Destination-side prep
- Stand up a Pilot environment — Kinetic SaaS customers get a Pilot tenant alongside Production; on-prem customers clone the production database to a Test server and update SysAgent paths so background jobs fire against the test environment 36.
- Provision users and security groups first, including License Configuration, before loading data — owner and audit columns fall back to the DMT user if the referenced employee or user is missing.
- Build the Chart of Accounts and segment structure in Epicor before loading any GL or sub-ledger data — Epicor supports up to 20 segments per ChartID with controlled-value lists per segment 119.
- Create UD fields, UD tables and UserCodes before importing rows that depend on them — DMT silently ignores values for UD fields that have not been added to the Data Dictionary.
- Configure UoM Classes and conversion factors before loading the Part Master — every Part has an Inventory UoM (IUM), Purchasing UoM (PUM) and Sales UoM (SUM), and conversions are owned by the UoM Class, not the Part 117.
- Define Plants, Warehouses, Bins, and Site relationships before any inventory transactions land — PartTran rows reject if the referenced Plant or Warehouse does not exist.
People prep
Cutover only works if Finance, Operations and IT cooperate. Lock down a source-system freeze window — typically 48 to 96 hours over a weekend bracketing month-end — and communicate it to every group that touches the ERP. Train Finance on Journal Entry, GL Account Maintenance and Period Close, and train Operations on Part Entry, Job Entry and Sales Order Entry before go-live.
A clean Vantage-to-Kinetic upgrade runs 6–9 months elapsed; a NetSuite-to-Prophet 21 swing runs 9–15 months; a Vantage-to-Kinetic with 20+ customisations runs 12–18 months and $200K–$500K in conversion alone.
Section 04
Import mechanisms: DMT and supporting tools
The canonical Epicor load path is DMT, supplemented by third-party staging tools. Picking the wrong combination is how mid-migrations stall at scale.
Epicor's canonical load path is the Data Management Tool (DMT). Third-party tools like Archon, Encompass and MindHARBOR sit alongside DMT and add staging, transformation and Progress-OpenEdge extraction layers.
DMT — Data Management Tool
DMT is a Windows desktop client that ships with more than 60 prebuilt CSV and Excel import templates — Customer, Part, BOM, GL Account, AR Invoice, AP Invoice, Sales Order, Inventory Transaction, UD Table and more 4. The launch path is Start → Epicor → DMT; the template builder is Template Builder within the same client. Templates accept .csv and .xlsx; columns mirror BO operation parameters one-to-one, with the key columns marked as required.
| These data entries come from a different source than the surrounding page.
lemma deriv_eq_0_if_constant_on:
  fixes f :: "real \<Rightarrow> real"
  assumes "open I" "\<forall>r\<in>I. f r = c" "r \<in> I"
  shows "deriv f r = 0"
proof -
  have "((\<lambda>_. c) has_real_derivative 0) (at r)"
    by simp
  then have "(f has_real_derivative 0) (at r)"
    by (rule has_field_derivative_transform_within_open[OF _ assms(1,3)]) (simp add: assms(2))
  then show ?thesis
    by (rule DERIV_imp_deriv)
qed

lemma constant_on_if_deriv_eq_0:
  fixes f :: "real \<Rightarrow> real"
  assumes "is_interval I" "\<And>r. r \<in> I \<Longrightarrow> (f has_real_derivative deriv f r) (at r)"
    and "\<forall>r\<in>I. deriv f r = 0"
  shows "\<exists>c. \<forall>r\<in>I. f r = c"
proof -
  have "(f has_real_derivative 0) (at r within I)" if "r \<in> I" for r
    using assms(2,3) that by (metis has_field_derivative_at_within)
  then show ?thesis
    by (intro has_field_derivative_zero_constant is_interval_convex assms(1))
qed

definition wcoord :: "real^3 \<Rightarrow> complex" where
  "wcoord p = Complex (p$1) (p$2)"

definition sigma_fst :: "(real \<Rightarrow> real) \<Rightarrow> (real \<Rightarrow> real) \<Rightarrow> real^3 \<Rightarrow> complex" where
  "sigma_fst x y p = exp (wcoord p + Complex (x (p$3)) (y (p$3)))"

definition sigma_snd :: "real \<Rightarrow> real^3 \<Rightarrow> complex" where
  "sigma_snd lam p = exp (of_real lam * wcoord p)"

definition curve_vel :: "(real \<Rightarrow> real) \<Rightarrow> (real \<Rightarrow> real) \<Rightarrow> real \<Rightarrow> complex" where
  "curve_vel x y r = Complex (deriv x r) (deriv y r)"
DMT runs in *Add*, *Update* or *Add-or-Update* mode per template invocation. Each row makes one BO call, so a 100,000-row Customer import is 100,000 sequential operations — throughput is in the 5–30 rows per second range depending on BPMs and network latency. A separate DMT Historical Data license unlocks higher-volume loads on tables like PartTran 86.
DMT also supports BAQ Exports from the command line — DMT.exe -User=… -Export -BAQ=MyBAQ -Target=… produces a DMT-importable CSV from any Business Activity Query, which is the canonical pattern for extracting from a source Epicor environment.
Third-party staging tools
Archon Data Store extracts from SQL Server and Progress OpenEdge with full schema preservation, normalises across Vantage / Vista / E9 / E10, and re-links file-share attachments. MindHARBOR focuses on Prophet 21 SaaS transitions and ships a checklist covering custom SQL, integrations, reporting and scheduled automation — categories DMT does not cover. Encompass and Six S Partners run the official Epicor Data Extraction Tool for Avanté, DataFlo, Enterprise, Scala, iScala and Manage 2000113.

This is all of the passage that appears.